Data entries:
lemma Gamma_F_converging_family:
  assumes "\<U> \<in> Gamma_F X"
  obtains A \<psi> where "A \<in> Gamma_at (Cp X) (Cfun_zero X)"
    "\<forall>\<phi>\<in>A. \<psi> \<phi> \<in> \<U> \<and> {x \<in> topspace X. \<bar>\<phi> x\<bar> < 1} \<subseteq> \<psi> \<phi>"
proof -
  obtain F where coz: "\<And>U. U \<in> \<U> \<Longrightarrow> cozero_set X U"
    and F: "\<And>U. U \<in> \<U> \<Longrightarrow> zero_set X (F U) \<and> F U \<subseteq> U" and gF: "gamma_cover X (F ` \<U>)"
    using assms unfolding Gamma_F_def by auto
  \<comment> \<open>index by the zero-sets: \<open>F\<close> need not be injective, and only \<open>F ` \<U>\<close> is a \<open>\<gamma>\<close>-cover\<close>
  define \<V> where "\<V> = F ` \<U>"
  define s where "s = inv_into \<U> F"
  have s_inv: "s V \<in> \<U>" "F (s V) = V" if "V \<in> \<V>" for V
    using that unfolding s_def \<V>_def by (auto simp: inv_into_into f_inv_into_f)
  define separates where "separates V \<phi> \<longleftrightarrow> continuous_map X euclideanreal \<phi> \<and>
      (\<forall>x\<in>topspace X. \<phi> x = 0 \<longleftrightarrow> x \<in> V) \<and> (\<forall>x\<in>topspace X. x \<notin> s V \<longrightarrow> \<phi> x = 1)" for V \<phi>
  have "\<exists>\<phi>. separates V \<phi>" if "V \<in> \<V>" for V
  proof -
    have "zero_set X V" "cozero_set X (s V)" "V \<subseteq> s V"
      using F[OF s_inv(1)[OF that]] coz[OF s_inv(1)[OF that]] s_inv(2)[OF that] by auto
    then show ?thesis
      unfolding separates_def by (rule zero_set_cozero_set_separation) blast
  qed
  then obtain \<Phi> where \<Phi>: "\<And>V. V \<in> \<V> \<Longrightarrow> separates V (\<Phi> V)"
    by metis
  define \<phi> where "\<phi> V = restrict (\<Phi> V) (topspace X)" for V
  have Gamma: "\<phi> ` \<V> \<in> Gamma_at (Cp X) (Cfun_zero X)"
    unfolding \<phi>_def \<V>_def
    by (rule Gamma_at_Cfun_zero_of_zero_set_gamma_cover[OF gF])
      (use \<Phi> in \<open>auto simp: separates_def \<V>_def\<close>)
  have dominated: "s (inv_into \<V> \<phi> g) \<in> \<U> \<and> {x \<in> topspace X. \<bar>g x\<bar> < 1} \<subseteq> s (inv_into \<V> \<phi> g)"
    if "g \<in> \<phi> ` \<V>" for g
  proof -
    let ?V = "inv_into \<V> \<phi> g"
    have V: "?V \<in> \<V>" "\<phi> ?V = g"
      using that by (auto simp: inv_into_into f_inv_into_f)
    have "x \<in> s ?V" if "x \<in> topspace X" "\<bar>g x\<bar> < 1" for x
    proof -
      have "g x = \<Phi> ?V x"
        using that(1) V(2) unfolding \<phi>_def by (metis restrict_apply')
      then show ?thesis
        using that \<Phi>[OF V(1)] unfolding separates_def by force
    qed
    then show ?thesis
      using s_inv(1)[OF V(1)] by blast
  qed
  show thesis
    using that[OF Gamma, of "\<lambda>g. s (inv_into \<V> \<phi> g)"] dominated by blast
qed
(* Let $\Bbbk$ be a field, $X$ the generic symmetric $n\times n$ matrix, and for $i=1,\dots,n$ let $d_i$ be the determinant of the $i\times i$ submatrix of $X$ in the bottom-left corner (rows $n-i+1,\dots,n$ and columns $1,\dots,i$). Put $\mathfrak{D}=d_1d_2\cdots d_n\in\Bbbk[X]$. With respect to the lexicographic monomial order on $\Bbbk[X]$ induced by the variable order $x_{11}>x_{12}>\cdots>x_{1n}>x_{22}>x_{23}>\cdots>x_{2n}>\cdots>x_{n-1,n}>x_{nn}$ (i.e. $x_{ij}>x_{kl}$ iff $(i,j)$ precedes $(k,l)$ lexicographically, $i\le j$, $k\le l$), the leading term of $\mathfrak{D}$ is $\prod_{1\le i\le j\le n}x_{ij}$. In particular, if $\operatorname{char}\Bbbk=p>0$, then $\mathfrak{D}^{p-1}\notin\mathfrak{m}_S^{[p]}$, where $\mathfrak{m}_S=(x_{ij}\mid 1\le i\le j\le n)$.
   Context: $X=(x_{ij})$ is the symmetric $n\times n$ matrix whose entries are independent indeterminates subject only to $x_{ij}=x_{ji}$; $S=\Bbbk[X]=\Bbbk[x_{ij}\mid 1\le i\le j\le n]$. For an ideal $J$ in characteristic $p$, $J^{[p]}$ denotes the ideal generated by $p$-th powers of elements of $J$. *)

theory Defs
  imports "HOL-Library.Poly_Mapping" "HOL-Library.Product_Lexorder" "Jordan_Normal_Form.Determinant"
begin

type_synonym 'k mpoly = "((nat \<times> nat) \<Rightarrow>\<^sub>0 nat) \<Rightarrow>\<^sub>0 'k"

definition var :: "nat \<Rightarrow> nat \<Rightarrow> 'k::comm_ring_1 mpoly" where
  "var i j = Poly_Mapping.single (Poly_Mapping.single (i, j) 1) 1"

definition symX :: "nat \<Rightarrow> nat \<Rightarrow> 'k::comm_ring_1 mpoly" where
  "symX r c = var (min r c) (max r c)"

text \<open>d_i: determinant of the i x i submatrix in the bottom-left corner:
  rows n-i+1..n, columns 1..i (0-based matrix index a,b corresponds to row n-i+1+a, column 1+b).\<close>
definition dminor :: "nat \<Rightarrow> nat \<Rightarrow> 'k::comm_ring_1 mpoly" where
  "dminor n i = det (mat i i (\<lambda>(a, b). symX (n - i + 1 + a) (1 + b)))"

definition frakD :: "nat \<Rightarrow> 'k::comm_ring_1 mpoly" where
  "frakD n = (\<Prod>i = 1..n. dminor n i)"

text \<open>Lex monomial order: x_(i,j) > x_(k,l) iff (i,j) < (k,l) lexicographically.\<close>
definition lex_gr :: "((nat \<times> nat) \<Rightarrow>\<^sub>0 nat) \<Rightarrow> ((nat \<times> nat) \<Rightarrow>\<^sub>0 nat) \<Rightarrow> bool" where
  "lex_gr a b \<longleftrightarrow> (\<exists>v. Poly_Mapping.lookup a v > Poly_Mapping.lookup b v \<and> (\<forall>w. w < v \<longrightarrow> Poly_Mapping.lookup a w = Poly_Mapping.lookup b w))"

definition lead_monom :: "'k::zero mpoly \<Rightarrow> ((nat \<times> nat) \<Rightarrow>\<^sub>0 nat)" where
  "lead_monom f = (THE m. m \<in> Poly_Mapping.keys f \<and> (\<forall>m' \<in> Poly_Mapping.keys f. m' \<noteq> m \<longrightarrow> lex_gr m m'))"

definition lead_term :: "'k::zero mpoly \<Rightarrow> 'k mpoly" where
  "lead_term f = Poly_Mapping.single (lead_monom f) (Poly_Mapping.lookup f (lead_monom f))"

definition ideal_gen :: "'a::comm_ring_1 set \<Rightarrow> 'a set" where
  "ideal_gen A = module.span ((*)) A"

definition frob_pow :: "'a::comm_ring_1 set \<Rightarrow> nat \<Rightarrow> 'a set" where
  "frob_pow J p = ideal_gen {f ^ p | f. f \<in> J}"

definition max_ideal :: "nat \<Rightarrow> 'k::comm_ring_1 mpoly set" where
  "max_ideal n = ideal_gen {var i j | i j. 1 \<le> i \<and> i \<le> j \<and> j \<le> n}"

end

theory Submission
  imports Defs "HOL-Computational_Algebra.Primes"
begin

text \<open>The minor \<open>d\<^sub>i\<close> is a signed sum over the permutations of its index set, and the
  identity contributes the diagonal monomial, which is the lex-largest one: if a permutation
  first moves the index \<open>a\<close>, the diagonal entry in position \<open>(a, a)\<close> is the largest variable
  of the block of rows and columns \<open>\<ge> a\<close>; the identity uses it, the permutation does not,
  and both agree on all larger variables. Leading terms multiply, and the diagonals of
  \<open>d\<^sub>1, \<dots>, d\<^sub>n\<close> partition the upper triangle \<open>{(i, j). i \<le> j}\<close>, so the leading term of
  \<open>D\<close> is the product of all variables, with coefficient \<open>1\<close>.
  In characteristic \<open>p\<close> the Frobenius map is additive, so every element of \<open>m\<^sup>[\<^sup>p\<^sup>]\<close>
  involves only monomials with some exponent \<open>\<ge> p\<close>, whereas \<open>D\<^sup>p\<^sup>-\<^sup>1\<close> contains the
  monomial \<open>(\<Prod> x\<^sub>i\<^sub>j)\<^sup>p\<^sup>-\<^sup>1\<close>.\<close>

lemma lex_gr_irrefl: "\<not> lex_gr a a"
  by (auto simp: lex_gr_def)

lemma lex_gr_asym: "lex_gr a b \<Longrightarrow> \<not> lex_gr b a"
  unfolding lex_gr_def by (metis less_asym linorder_neqE)

lemma lex_gr_trans:
  assumes "lex_gr a b" "lex_gr b c"
  shows "lex_gr a c"
proof -
  obtain v1 where v1: "Poly_Mapping.lookup a v1 > Poly_Mapping.lookup b v1"
    "\<forall>w<v1. Poly_Mapping.lookup a w = Poly_Mapping.lookup b w"
    using assms(1) unfolding lex_gr_def by blast
  obtain v2 where v2: "Poly_Mapping.lookup b v2 > Poly_Mapping.lookup c v2"
    "\<forall>w<v2. Poly_Mapping.lookup b w = Poly_Mapping.lookup c w"
    using assms(2) unfolding lex_gr_def by blast
  have "Poly_Mapping.lookup a (min v1 v2) > Poly_Mapping.lookup c (min v1 v2)"
  proof (cases v1 v2 rule: linorder_cases)
    case greater
    then show ?thesis
      using v1(2)[rule_format, of v2] v2(1) by simp
  qed (use v1 v2 in \<open>auto simp: min_def\<close>)
  moreover have "\<forall>w<min v1 v2. Poly_Mapping.lookup a w = Poly_Mapping.lookup c w"
    using v1(2) v2(2) by simp
  ultimately show ?thesis
    unfolding lex_gr_def by blast
qed

lemma lex_gr_add_right: "lex_gr a b \<Longrightarrow> lex_gr (a + c) (b + c)"
  unfolding lex_gr_def by (auto simp: lookup_add)

lemma lex_gr_add_mono:
  assumes "lex_gr a b" "d = c \<or> lex_gr c d"
  shows "lex_gr (a + c) (b + d)"
  using assms lex_gr_add_right[of a b c] lex_gr_add_right[of c d b] lex_gr_trans
  by (auto simp: add.commute)

definition lex_below :: "'k::zero mpoly \<Rightarrow> ((nat \<times> nat) \<Rightarrow>\<^sub>0 nat) \<Rightarrow> bool" where
  "lex_below f m \<longleftrightarrow> (\<forall>m' \<in> Poly_Mapping.keys f. lex_gr m m')"

definition is_lead_term :: "'k::comm_ring_1 mpoly \<Rightarrow> ((nat \<times> nat) \<Rightarrow>\<^sub>0 nat) \<Rightarrow> 'k \<Rightarrow> bool" where
  "is_lead_term f m c \<longleftrightarrow> c \<noteq> 0 \<and> lex_below (f - Poly_Mapping.single m c) m"

lemma lex_below_add: "lex_below f m \<Longrightarrow> lex_below g m \<Longrightarrow> lex_below (f + g) m"
  unfolding lex_below_def using keys_add[of f g] by blast

lemma lex_below_sum: "(\<And>x. x \<in> A \<Longrightarrow> lex_below (f x) m) \<Longrightarrow> lex_below (sum f A) m"
proof (induction A rule: infinite_finite_induct)
  case (insert x F)
  then show ?case
    by (simp add: lex_below_add)
qed (simp_all add: lex_below_def)

lemma lex_below_single: "lex_gr m m' \<Longrightarrow> lex_below (Poly_Mapping.single m' c) m"
  by (simp add: lex_below_def)

lemma lex_below_mult:
  fixes f g :: "'k::comm_ring_1 mpoly"
  assumes "lex_below f m1" "\<forall>b \<in> Poly_Mapping.keys g. b = m2 \<or> lex_gr m2 b"
  shows "lex_below (f * g) (m1 + m2)"
  unfolding lex_below_def
proof
  fix m' assume "m' \<in> Poly_Mapping.keys (f * g)"
  then obtain a b where "m' = a + b" "a \<in> Poly_Mapping.keys f" "b \<in> Poly_Mapping.keys g"
    using keys_mult[of f g] by auto
  with assms show "lex_gr (m1 + m2) m'"
    unfolding lex_below_def by (auto intro: lex_gr_add_mono)
qed

lemma is_lead_term_keys:
  assumes "is_lead_term f m c" "b \<in> Poly_Mapping.keys f"
  shows "b = m \<or> lex_gr m b"
proof (cases "b = m")
  case False
  with assms(2) have "b \<in> Poly_Mapping.keys (f - Poly_Mapping.single m c)"
    by (simp add: in_keys_iff lookup_minus lookup_single)
  with assms(1) show ?thesis
    unfolding is_lead_term_def lex_below_def by blast
qed simp

lemma is_lead_term_lookup:
  assumes "is_lead_term f m c"
  shows "Poly_Mapping.lookup f m = c"
proof -
  have "m \<notin> Poly_Mapping.keys (f - Poly_Mapping.single m c)"
    using assms lex_gr_irrefl[of m] unfolding is_lead_term_def lex_below_def by blast
  then show ?thesis
    by (simp add: in_keys_iff lookup_minus)
qed

lemma lead_term_eqI:
  assumes "is_lead_term f m c"
  shows "lead_term f = Poly_Mapping.single m c"
proof -
  have "c \<noteq> 0"
    using assms by (simp add: is_lead_term_def)
  then have m: "m \<in> Poly_Mapping.keys f"
    by (simp add: in_keys_iff is_lead_term_lookup[OF assms])
  have "lead_monom f = m"
    unfolding lead_monom_def
  proof (rule the_equality)
    show "m \<in> Poly_Mapping.keys f \<and> (\<forall>m' \<in> Poly_Mapping.keys f. m' \<noteq> m \<longrightarrow> lex_gr m m')"
      using m is_lead_term_keys[OF assms] by blast
  next
    fix m'
    assume m': "m' \<in> Poly_Mapping.keys f \<and> (\<forall>b \<in> Poly_Mapping.keys f. b \<noteq> m' \<longrightarrow> lex_gr m' b)"
    show "m' = m"
    proof (rule ccontr)
      assume "m' \<noteq> m"
      then have "lex_gr m' m" "lex_gr m m'"
        using m m' is_lead_term_keys[OF assms, of m'] by auto
      then show False
        using lex_gr_asym by blast
    qed
  qed
  then show ?thesis
    unfolding lead_term_def by (simp add: is_lead_term_lookup[OF assms])
qed

lemma is_lead_term_mult:
  fixes f g :: "'k::idom mpoly"
  assumes f: "is_lead_term f m1 c" and g: "is_lead_term g m2 d"
  shows "is_lead_term (f * g) (m1 + m2) (c * d)"
proof -
  let ?s1 = "Poly_Mapping.single m1 c" and ?s2 = "Poly_Mapping.single m2 d"
  have "f * g - ?s1 * ?s2 = (f - ?s1) * g + (g - ?s2) * ?s1"
    by (simp add: algebra_simps)
  then have split: "f * g - Poly_Mapping.single (m1 + m2) (c * d) = (f - ?s1) * g + (g - ?s2) * ?s1"
    by (simp only: mult_single)
  have "lex_below ((f - ?s1) * g) (m1 + m2)"
    using f is_lead_term_keys[OF g] unfolding is_lead_term_def by (blast intro: lex_below_mult)
  moreover have "lex_below ((g - ?s2) * ?s1) (m2 + m1)"
    using g by (intro lex_below_mult) (simp_all add: is_lead_term_def)
  moreover have "c * d \<noteq> 0"
    using f g by (simp add: is_lead_term_def)
  ultimately show ?thesis
    unfolding is_lead_term_def split by (simp add: lex_below_add add.commute)
qed

lemma is_lead_term_prod:
  fixes f :: "'a \<Rightarrow> 'k::idom mpoly"
  assumes "\<And>x. x \<in> A \<Longrightarrow> is_lead_term (f x) (m x) (c x)"
  shows "is_lead_term (prod f A) (sum m A) (prod c A)"
  using assms
proof (induction A rule: infinite_finite_induct)
  case (insert x F)
  then show ?case
    by (simp add: is_lead_term_mult)
qed (simp_all add: is_lead_term_def lex_below_def)

lemma is_lead_term_power:
  fixes f :: "'k::idom mpoly"
  assumes "is_lead_term f m c"
  shows "is_lead_term (f ^ k) (\<Sum>_<k. m) (c ^ k)"
proof -
  have "is_lead_term (\<Prod>_<k. f) (\<Sum>_<k. m) (\<Prod>_<k. c)"
    using assms by (rule is_lead_term_prod)
  then show ?thesis
    by simp
qed

lemma prod_single:
  "(\<Prod>x\<in>A. Poly_Mapping.single (m x) (c x) :: 'k::comm_semiring_1 mpoly)
     = Poly_Mapping.single (sum m A) (prod c A)"
  by (induction A rule: infinite_finite_induct) (simp_all add: mult_single)

text \<open>\<open>minor_entry_var s a b\<close> indexes the variable in position \<open>(a, b)\<close>, counted from \<open>0\<close>,
  of the square submatrix of \<open>X\<close> on rows \<open>s + 1, s + 2, \<dots>\<close> and columns \<open>1, 2, \<dots>\<close>;
  the minor \<open>d\<^sub>i\<close> has \<open>s = n - i\<close>.\<close>

definition minor_entry_var :: "nat \<Rightarrow> nat \<Rightarrow> nat \<Rightarrow> nat \<times> nat" where
  "minor_entry_var s a b = (min (s + 1 + a) (1 + b), max (s + 1 + a) (1 + b))"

▸ **Your goal**: The lines of the data, from the first through the one containing "define \<V> where", are to be transcribed exactly.

▸ **Exercise output**:
lemma Gamma_F_converging_family:
  assumes "\<U> \<in> Gamma_F X"
  obtains A \<psi> where "A \<in> Gamma_at (Cp X) (Cfun_zero X)"
    "\<forall>\<phi>\<in>A. \<psi> \<phi> \<in> \<U> \<and> {x \<in> topspace X. \<bar>\<phi> x\<bar> < 1} \<subseteq> \<psi> \<phi>"
proof -
  obtain F where coz: "\<And>U. U \<in> \<U> \<Longrightarrow> cozero_set X U"
    and F: "\<And>U. U \<in> \<U> \<Longrightarrow> zero_set X (F U) \<and> F U \<subseteq> U" and gF: "gamma_cover X (F ` \<U>)"
    using assms unfolding Gamma_F_def by auto
  \<comment> \<open>index by the zero-sets: \<open>F\<close> need not be injective, and only \<open>F ` \<U>\<close> is a \<open>\<gamma>\<close>-cover\<close>
  define \<V> where "\<V> = F ` \<U>"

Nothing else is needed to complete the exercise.